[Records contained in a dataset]
^^^^^^^^^^^^^^^^

(* Let $p:\mathbb R^n\to\mathbb R$ be a polynomial with $p(\theta_0)=0$, and assume $p$ is nonnegative on the ball $B_\epsilon(\theta_0)$ centered at $\theta_0$ for some radius $\epsilon>0$. If $m\ge n/2$, then $\int_{B_\epsilon(\theta_0)}p(\theta)^{-m}\,\mathrm d\mu(\theta)=\infty$, where $\mu$ is Lebesgue measure. *)

theory Defs
  imports "HOL-Analysis.Analysis"
begin

inductive real_poly_fun :: "(real ^ 'n \<Rightarrow> real) \<Rightarrow> bool" where
  const: "real_poly_fun (\<lambda>x. c)"
| coord: "real_poly_fun (\<lambda>x. x $ i)"
| add: "real_poly_fun p \<Longrightarrow> real_poly_fun q \<Longrightarrow> real_poly_fun (\<lambda>x. p x + q x)"
| mult: "real_poly_fun p \<Longrightarrow> real_poly_fun q \<Longrightarrow> real_poly_fun (\<lambda>x. p x * q x)"

definition neg_pow_ennreal :: "real \<Rightarrow> real \<Rightarrow> ennreal" where
  "neg_pow_ennreal t m = (if t = 0 then \<infinity> else ennreal (t powr (- m)))"

end

theory Submission
  imports Defs
begin

(* Polynomials are smooth, so p(theta0 + h) = p(theta0) + g . h + O(|h|^2) on the unit ball.
   As theta0 is a local minimum the gradient g vanishes, hence p(theta) <= C |theta - theta0|^2
   near theta0, and for 2m >= n this gives p(theta)^(-m) >= K |theta - theta0|^(-n).
   The latter is not integrable near theta0: every dyadic annulus r/2^(k+1) <= |x - x0| < r/2^k
   contributes the same positive amount to the integral. *)

definition has_quadratic_remainder :: "('a::real_inner \<Rightarrow> real) \<Rightarrow> 'a \<Rightarrow> 'a \<Rightarrow> bool" where
  "has_quadratic_remainder f g x \<longleftrightarrow>
     (\<exists>C\<ge>0. \<forall>h. norm h \<le> 1 \<longrightarrow> \<bar>f (x + h) - f x - g \<bullet> h\<bar> \<le> C * (norm h)\<^sup>2)"

lemma has_quadratic_remainder_const: "has_quadratic_remainder (\<lambda>_. c) 0 x"
  by (auto simp: has_quadratic_remainder_def)

lemma has_quadratic_remainder_inner: "has_quadratic_remainder (\<lambda>y. a \<bullet> y) a x"
  by (auto simp: has_quadratic_remainder_def inner_add_right)

lemma has_quadratic_remainder_add:
  assumes "has_quadratic_remainder f g1 x" and "has_quadratic_remainder q g2 x"
  shows "has_quadratic_remainder (\<lambda>y. f y + q y) (g1 + g2) x"
proof -
  obtain C1 C2 where "C1 \<ge> 0" "C2 \<ge> 0"
    and "\<forall>h. norm h \<le> 1 \<longrightarrow> \<bar>f (x + h) - f x - g1 \<bullet> h\<bar> \<le> C1 * (norm h)\<^sup>2"
    and "\<forall>h. norm h \<le> 1 \<longrightarrow> \<bar>q (x + h) - q x - g2 \<bullet> h\<bar> \<le> C2 * (norm h)\<^sup>2"
    using assms by (auto simp: has_quadratic_remainder_def)
  then show ?thesis
    unfolding has_quadratic_remainder_def
    by (intro exI[of _ "C1 + C2"]) (force simp: inner_add_left distrib_right)
qed

lemma quadratic_remainder_increment_bound:
  assumes "0 \<le> C" and "norm h \<le> 1"
    and "\<bar>f (x + h) - f x - g \<bullet> h\<bar> \<le> C * (norm h)\<^sup>2"
  shows "\<bar>f (x + h) - f x\<bar> \<le> (norm g + C) * norm h"
proof -
  have "C * (norm h)\<^sup>2 \<le> C * norm h"
    using assms(1,2) by (intro mult_left_mono) (auto simp: power2_eq_square mult_left_le)
  then show ?thesis
    using assms(3) Cauchy_Schwarz_ineq2[of g h] by (simp add: distrib_right)
qed

lemma has_quadratic_remainder_mult:
  assumes "has_quadratic_remainder f g1 x" and "has_quadratic_remainder q g2 x"
  shows "has_quadratic_remainder (\<lambda>y. f y * q y) (f x *\<^sub>R g2 + q x *\<^sub>R g1) x"
proof -
  obtain C1 C2 where C: "C1 \<ge> 0" "C2 \<ge> 0"
    and f: "\<And>h. norm h \<le> 1 \<Longrightarrow> \<bar>f (x + h) - f x - g1 \<bullet> h\<bar> \<le> C1 * (norm h)\<^sup>2"
    and q: "\<And>h. norm h \<le> 1 \<Longrightarrow> \<bar>q (x + h) - q x - g2 \<bullet> h\<bar> \<le> C2 * (norm h)\<^sup>2"
    using assms by (auto simp: has_quadratic_remainder_def)
  define C where "C = \<bar>f x\<bar> * C2 + \<bar>q x\<bar> * C1 + (norm g1 + C1) * (norm g2 + C2)"
  have "\<bar>f (x + h) * q (x + h) - f x * q x - (f x *\<^sub>R g2 + q x *\<^sub>R g1) \<bullet> h\<bar> \<le> C * (norm h)\<^sup>2"
    if h: "norm h \<le> 1" for h
  proof -
    define a where "a = f (x + h) - f x - g1 \<bullet> h"
    define b where "b = q (x + h) - q x - g2 \<bullet> h"
    define \<Delta>f where "\<Delta>f = f (x + h) - f x"
    define \<Delta>q where "\<Delta>q = q (x + h) - q x"
    have "\<bar>\<Delta>f\<bar> * \<bar>\<Delta>q\<bar> \<le> ((norm g1 + C1) * norm h) * ((norm g2 + C2) * norm h)"
      unfolding \<Delta>f_def \<Delta>q_def using C h f q
      by (intro mult_mono quadratic_remainder_increment_bound) auto
    moreover have "\<bar>f x\<bar> * \<bar>b\<bar> \<le> \<bar>f x\<bar> * (C2 * (norm h)\<^sup>2)"
      using q[OF h] by (intro mult_left_mono) (auto simp: b_def)
    moreover have "\<bar>q x\<bar> * \<bar>a\<bar> \<le> \<bar>q x\<bar> * (C1 * (norm h)\<^sup>2)"
      using f[OF h] by (intro mult_left_mono) (auto simp: a_def)
    moreover have "f (x + h) * q (x + h) - f x * q x - (f x *\<^sub>R g2 + q x *\<^sub>R g1) \<bullet> h
        = f x * b + q x * a + \<Delta>f * \<Delta>q"
      by (simp add: a_def b_def \<Delta>f_def \<Delta>q_def inner_add_left algebra_simps)
    moreover have "\<bar>f x * b + q x * a + \<Delta>f * \<Delta>q\<bar> \<le> \<bar>f x\<bar> * \<bar>b\<bar> + \<bar>q x\<bar> * \<bar>a\<bar> + \<bar>\<Delta>f\<bar> * \<bar>\<Delta>q\<bar>"
      unfolding abs_mult[symmetric] by linarith
    ultimately show ?thesis
      by (simp add: C_def algebra_simps power2_eq_square)
  qed
  moreover have "C \<ge> 0"
    using C by (simp add: C_def)
  ultimately show ?thesis
    unfolding has_quadratic_remainder_def by blast
qed

lemma real_poly_fun_has_quadratic_remainder:
  fixes p :: "real ^ 'n \<Rightarrow> real"
  assumes "real_poly_fun p"
  shows "\<exists>g. has_quadratic_remainder p g x"
  using assms
proof (induction p)
  case (const c)
  show ?case using has_quadratic_remainder_const by blast
next
  case (coord i)
  show ?case
    using has_quadratic_remainder_inner[of "axis i 1" x] by (auto simp: inner_axis')
next
  case (add p q)
  then show ?case using has_quadratic_remainder_add by blast
next
  case (mult p q)
  then show ?case using has_quadratic_remainder_mult by blast
qed

lemma has_quadratic_remainder_local_min:
  assumes "has_quadratic_remainder f g x" and "e > 0"
    and min: "\<And>y. y \<in> ball x e \<Longrightarrow> f x \<le> f y"
  shows "g = 0"
proof (rule ccontr)
  assume "g \<noteq> 0"
  then have ng: "norm g > 0" by simp
  obtain C where C: "C \<ge> 0"
    and rem: "\<And>h. norm h \<le> 1 \<Longrightarrow> \<bar>f (x + h) - f x - g \<bullet> h\<bar> \<le> C * (norm h)\<^sup>2"
    using assms(1) by (auto simp: has_quadratic_remainder_def)
  define s where "s = min (min 1 (e / 2)) (norm g / (C + 1))"
  have s: "0 < s" "s \<le> 1" "s < e"
    using \<open>e > 0\<close> ng C by (auto simp: s_def)
  have "C * s \<le> C * (norm g / (C + 1))"
    using C by (intro mult_left_mono) (auto simp: s_def)
  also have "\<dots> < norm g"
    using C ng by (simp add: field_simps)
  finally have "C * s\<^sup>2 < s * norm g"
    using s by (simp add: power2_eq_square)
  define h where "h = - (s / norm g) *\<^sub>R g"
  have "norm h = s" and "g \<bullet> h = - s * norm g"
    using ng s by (auto simp: h_def power2_norm_eq_inner[symmetric] power2_eq_square)
  then have "f (x + h) < f x"
    using rem[of h] s \<open>C * s\<^sup>2 < s * norm g\<close> by simp
  moreover have "x + h \<in> ball x e"
    using \<open>norm h = s\<close> s by (simp add: dist_norm)
  ultimately show False
    using min by fastforce
qed

lemma nn_integral_eq_infinity_disjoint_family:
  fixes A :: "nat \<Rightarrow> 'a set"
  assumes f: "f \<in> borel_measurable M"
    and A: "\<And>k. A k \<in> sets M" "disjoint_family A" "(\<Union>k. A k) \<subseteq> S"
    and "c > 0" and bound: "\<And>k. ennreal c \<le> (\<integral>\<^sup>+ x \<in> A k. f x \<partial>M)"
  shows "(\<integral>\<^sup>+ x \<in> S. f x \<partial>M) = \<infinity>"
proof -
  have "(\<Sum>k::nat. ennreal c) = top"
    using \<open>c > 0\<close> by (intro summable_iff_suminf_neq_top) (auto simp: summable_const_iff)
  then have "\<infinity> = (\<Sum>k::nat. ennreal c)"
    by simp
  also have "\<dots> \<le> (\<Sum>k. \<integral>\<^sup>+ x \<in> A k. f x \<partial>M)"
    by (intro suminf_le bound) auto
  also have "\<dots> = (\<integral>\<^sup>+ x \<in> (\<Union>k. A k). f x \<partial>M)"
    by (rule nn_integral_disjoint_family[OF f A(1,2), symmetric])
  also have "\<dots> \<le> (\<integral>\<^sup>+ x \<in> S. f x \<partial>M)"
    by (rule nn_set_integral_set_mono[OF A(3)])
  finally show ?thesis
    by (simp add: top_unique)
qed

lemma nn_integral_annulus_norm_powr_neg_dim:
  fixes x0 :: "'a::euclidean_space"
  assumes "a > 0"
  shows "ennreal (unit_ball_vol DIM('a) * (1 - 1 / 2 ^ DIM('a)))
    \<le> (\<integral>\<^sup>+ x \<in> ball x0 a - ball x0 (a / 2). ennreal (norm (x - x0) powr - real DIM('a)) \<partial>lborel)"
    (is "_ \<le> (\<integral>\<^sup>+ x \<in> ?A. _ \<partial>lborel)")
proof -
  define d where "d = DIM('a)"
  define V where "V = unit_ball_vol d"
  have "emeasure lborel ?A = emeasure lborel (ball x0 a) - emeasure lborel (ball x0 (a / 2))"
    using \<open>a > 0\<close> by (intro emeasure_Diff) (auto simp: emeasure_ball)
  also have "\<dots> = ennreal (V * a ^ d - V * (a / 2) ^ d)"
    using \<open>a > 0\<close> by (simp add: emeasure_ball V_def d_def ennreal_minus power_mono)
  finally have measure_A: "emeasure lborel ?A = ennreal (V * a ^ d - V * (a / 2) ^ d)" .
  have "a powr - real d * a ^ d = 1"
    using \<open>a > 0\<close> by (simp add: powr_minus powr_realpow)
  then have "V * (1 - 1 / 2 ^ d) = a powr - real d * (V * a ^ d - V * (a / 2) ^ d)"
    by (simp add: power_divide algebra_simps)
  then have "ennreal (V * (1 - 1 / 2 ^ d)) = ennreal (a powr - real d) * emeasure lborel ?A"
    by (simp add: measure_A ennreal_mult')
  also have "\<dots> = (\<integral>\<^sup>+ x. ennreal (a powr - real d) * indicator ?A x \<partial>lborel)"
    by (simp add: nn_integral_cmult_indicator)
  also have "\<dots> \<le> (\<integral>\<^sup>+ x \<in> ?A. ennreal (norm (x - x0) powr - real d) \<partial>lborel)"
  proof (rule nn_integral_mono)
    fix x
    have "a powr - real d \<le> norm (x - x0) powr - real d" if "x \<in> ?A"
      using that \<open>a > 0\<close> by (intro powr_mono2') (auto simp: dist_norm norm_minus_commute)
    then show "ennreal (a powr - real d) * indicator ?A x
      \<le> ennreal (norm (x - x0) powr - real d) * indicator ?A x"
      by (auto split: split_indicator)
  qed
  finally show ?thesis
    by (simp add: V_def d_def)
qed

lemma nn_integral_ball_norm_powr_neg_dim:
  fixes x0 :: "'a::euclidean_space"
  assumes "r > 0"
  shows "(\<integral>\<^sup>+ x \<in> ball x0 r. ennreal (norm (x - x0) powr - real DIM('a)) \<partial>lborel) = \<infinity>"
proof -
  define a where "a k = r / 2 ^ k" for k :: nat
  define A where "A k = ball x0 (a k) - ball x0 (a k / 2)" for k
  have a: "0 < a k" "a k \<le> r" "a (Suc k) = a k / 2" for k
    using \<open>r > 0\<close> by (auto simp: a_def field_simps)
  have "A k = - ball x0 (a (Suc k)) - - ball x0 (a k)" for k
    by (auto simp: A_def a)
  moreover have "- ball x0 (a k) \<subseteq> - ball x0 (a (Suc k))" for k
    using a(1)[of k] by (auto simp: a(3))
  ultimately have disjoint: "disjoint_family A"
    using disjoint_family_Suc[of "\<lambda>k. - ball x0 (a k)"] by presburger
  have union: "(\<Union>k. A k) \<subseteq> ball x0 r"
    unfolding A_def using subset_ball[OF a(2)] by blast
  have sets: "A k \<in> sets lborel" for k
    by (simp add: A_def)
  have pos: "0 < unit_ball_vol DIM('a) * (1 - 1 / 2 ^ DIM('a))"
    by (simp add: field_simps)
  show ?thesis
  proof (rule nn_integral_eq_infinity_disjoint_family[OF _ sets disjoint union pos,
        where f = "\<lambda>x. ennreal (norm (x - x0) powr - real DIM('a))"])
    show "(\<lambda>x. ennreal (norm (x - x0) powr - real DIM('a))) \<in> borel_measurable lborel"
      by measurable
    show "ennreal (unit_ball_vol DIM('a) * (1 - 1 / 2 ^ DIM('a)))
      \<le> (\<integral>\<^sup>+ x \<in> A k. ennreal (norm (x - x0) powr - real DIM('a)) \<partial>lborel)" for k
      unfolding A_def by (rule nn_integral_annulus_norm_powr_neg_dim[OF a(1)])
  qed
qed

lemma neg_pow_ennreal_ge_powr:
  fixes t x C m n :: real
  assumes "0 \<le> t" "t \<le> C * x\<^sup>2" "0 \<le> C" "0 \<le> x" "x \<le> 1" "0 \<le> n" "n \<le> 2 * m"
  shows "ennreal ((C + 1) powr - m * x powr - n) \<le> neg_pow_ennreal t m"
proof (cases "t = 0")
  case False
  then have "0 < t" "0 < x"
    using assms(1-4) by (auto simp: less_le)
  have "(C + 1) powr - m * x powr - n \<le> (C + 1) powr - m * x powr (- 2 * m)"
    using assms \<open>0 < x\<close> by (intro mult_left_mono powr_mono') auto
  also have "\<dots> = ((C + 1) * x\<^sup>2) powr - m"
  proof -
    have "x\<^sup>2 = x powr 2"
      using \<open>0 < x\<close> by (simp add: powr_numeral)
    then show ?thesis
      using assms(3) by (simp add: powr_mult powr_powr)
  qed
  also have "\<dots> \<le> t powr - m"
  proof (rule powr_mono2')
    show "t \<le> (C + 1) * x\<^sup>2"
      using assms(2) zero_le_power2[of x] unfolding distrib_right by linarith
  qed (use assms(6,7) \<open>0 < t\<close> in auto)
  finally show ?thesis
    using False by (simp add: neg_pow_ennreal_def ennreal_leI)
qed (simp add: neg_pow_ennreal_def)

theorem propositionA4:
  fixes p :: "real ^ 'n \<Rightarrow> real" and \<theta>0 :: "real ^ 'n" and \<epsilon> m :: real
  assumes "real_poly_fun p"
    and "p \<theta>0 = 0"
    and "\<epsilon> > 0"
    and "\<forall>\<theta>\<in>ball \<theta>0 \<epsilon>. p \<theta> \<ge> 0"
    and "m \<ge> real CARD('n) / 2"
  shows "(\<integral>\<^sup>+ \<theta> \<in> ball \<theta>0 \<epsilon>. neg_pow_ennreal (p \<theta>) m \<partial>lborel) = \<infinity>"
proof -
  obtain g where g: "has_quadratic_remainder p g \<theta>0"
    using real_poly_fun_has_quadratic_remainder[OF assms(1)] by blast
  have "g = 0"
    using assms(2,4) by (intro has_quadratic_remainder_local_min[OF g assms(3)]) auto
  then obtain C where "C \<ge> 0" and C: "\<And>h. norm h \<le> 1 \<Longrightarrow> p (\<theta>0 + h) \<le> C * (norm h)\<^sup>2"
    using g assms(2) by (force simp: has_quadratic_remainder_def)
  define r where "r = min 1 \<epsilon>"
  define K where "K = (C + 1) powr - m"
  have "0 < r" "ball \<theta>0 r \<subseteq> ball \<theta>0 \<epsilon>"
    using assms(3) by (auto simp: r_def)
  have "\<infinity> = ennreal K * (\<integral>\<^sup>+ \<theta> \<in> ball \<theta>0 r. ennreal (norm (\<theta> - \<theta>0) powr - real CARD('n)) \<partial>lborel)"
    using nn_integral_ball_norm_powr_neg_dim[OF \<open>0 < r\<close>, of \<theta>0] \<open>C \<ge> 0\<close>
    by (simp add: K_def ennreal_mult_top)
  also have "\<dots> = (\<integral>\<^sup>+ \<theta> \<in> ball \<theta>0 r. ennreal (K * norm (\<theta> - \<theta>0) powr - real CARD('n)) \<partial>lborel)"
    by (subst nn_integral_cmult[symmetric]) (measurable, auto simp: K_def ennreal_mult mult.assoc)
  also have "\<dots> \<le> (\<integral>\<^sup>+ \<theta> \<in> ball \<theta>0 \<epsilon>. neg_pow_ennreal (p \<theta>) m \<partial>lborel)"
  proof (intro nn_integral_mono)
    fix \<theta> :: "real ^ 'n"
    show "ennreal (K * norm (\<theta> - \<theta>0) powr - real CARD('n)) * indicator (ball \<theta>0 r) \<theta>
      \<le> neg_pow_ennreal (p \<theta>) m * indicator (ball \<theta>0 \<epsilon>) \<theta>"
      using C[of "\<theta> - \<theta>0"] assms(4,5) \<open>C \<ge> 0\<close> \<open>ball \<theta>0 r \<subseteq> ball \<theta>0 \<epsilon>\<close>
      by (auto simp: K_def r_def dist_norm norm_minus_commute split: split_indicator
          intro!: neg_pow_ennreal_ge_powr)
  qed
  finally show ?thesis
    by (simp add: top_unique)
qed

end
text \<open>The product of the lowest-index coefficients attaining the minimum strictly dominates
  all other contributions to the corresponding coefficient of \<open>p * q\<close>.\<close>
lemma gauss_valuation_mult_le:
  assumes v: "is_valuation v" and p: "p \<noteq> 0" and q: "q \<noteq> 0"
  shows "gauss_valuation v (p * q) \<le> gauss_valuation v p + gauss_valuation v q"
proof -
  obtain i0 where i0: "coeff p i0 \<noteq> 0" "gauss_valuation v p = v (coeff p i0) + int i0"
    "\<And>i. i < i0 \<Longrightarrow> coeff p i = 0 \<or> gauss_valuation v p < v (coeff p i) + int i"
    using gauss_valuation_least_index[OF p] by blast
  obtain j0 where j0: "coeff q j0 \<noteq> 0" "gauss_valuation v q = v (coeff q j0) + int j0"
    "\<And>i. i < j0 \<Longrightarrow> coeff q i = 0 \<or> gauss_valuation v q < v (coeff q i) + int i"
    using gauss_valuation_least_index[OF q] by blast
  define m where "m = i0 + j0"
  define c where "c = gauss_valuation v p + gauss_valuation v q - int m"
  define t where "t i = coeff p i * coeff q (m - i)" for i
  have t0: "t i0 \<noteq> 0" "v (t i0) = c"
    using i0 j0 valuation_mult[OF v, of "coeff p i0" "coeff q j0"] by (auto simp: t_def m_def c_def)
  have "t i = 0 \<or> c + 1 \<le> v (t i)" if i: "i \<in> {..m} - {i0}" for i
  proof (cases "coeff p i = 0 \<or> coeff q (m - i) = 0")
    case False
    then have "v (t i) = v (coeff p i) + v (coeff q (m - i))"
      using valuation_mult[OF v] by (simp add: t_def)
    moreover have "i < i0 \<or> m - i < j0" using i by (auto simp: m_def)
    ultimately show ?thesis
      using i0(3)[of i] j0(3)[of "m - i"] gauss_valuation_le[of q "m - i" v]
        gauss_valuation_le[of p i v] False i by (auto simp: c_def)
  qed (auto simp: t_def)
  then have "sum t ({..m} - {i0}) = 0 \<or> c + 1 \<le> v (sum t ({..m} - {i0}))"
    by (intro valuation_sum_ge[OF v]) auto
  then have "t i0 + sum t ({..m} - {i0}) \<noteq> 0 \<and> v (t i0 + sum t ({..m} - {i0})) = v (t i0)"
    using t0 by (intro valuation_add_dominant[OF v]) auto
  moreover have "coeff (p * q) m = t i0 + sum t ({..m} - {i0})"
    unfolding coeff_mult t_def[symmetric] by (subst sum.remove[of _ i0]) (auto simp: m_def)
  ultimately show ?thesis
    using gauss_valuation_le[of "p * q" m v] t0 by (simp add: c_def)
qed

lemma is_valuation_gauss_valuation:
  assumes "is_valuation v" shows "is_valuation (gauss_valuation v)"
  unfolding is_valuation_def
  using gauss_valuation_add[OF assms] gauss_valuation_mult_ge[OF assms]
    gauss_valuation_mult_le[OF assms] by (auto intro: antisym)

lemma is_ideal_0: "is_ideal I \<Longrightarrow> 0 \<in> I"
  unfolding is_ideal_def by blast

^^^^^^^^^^^^^^^^

» Problem details:
An answer consisting of the number alone is required: how many lines in the entries hold the string "imports"?

» Written solution:
2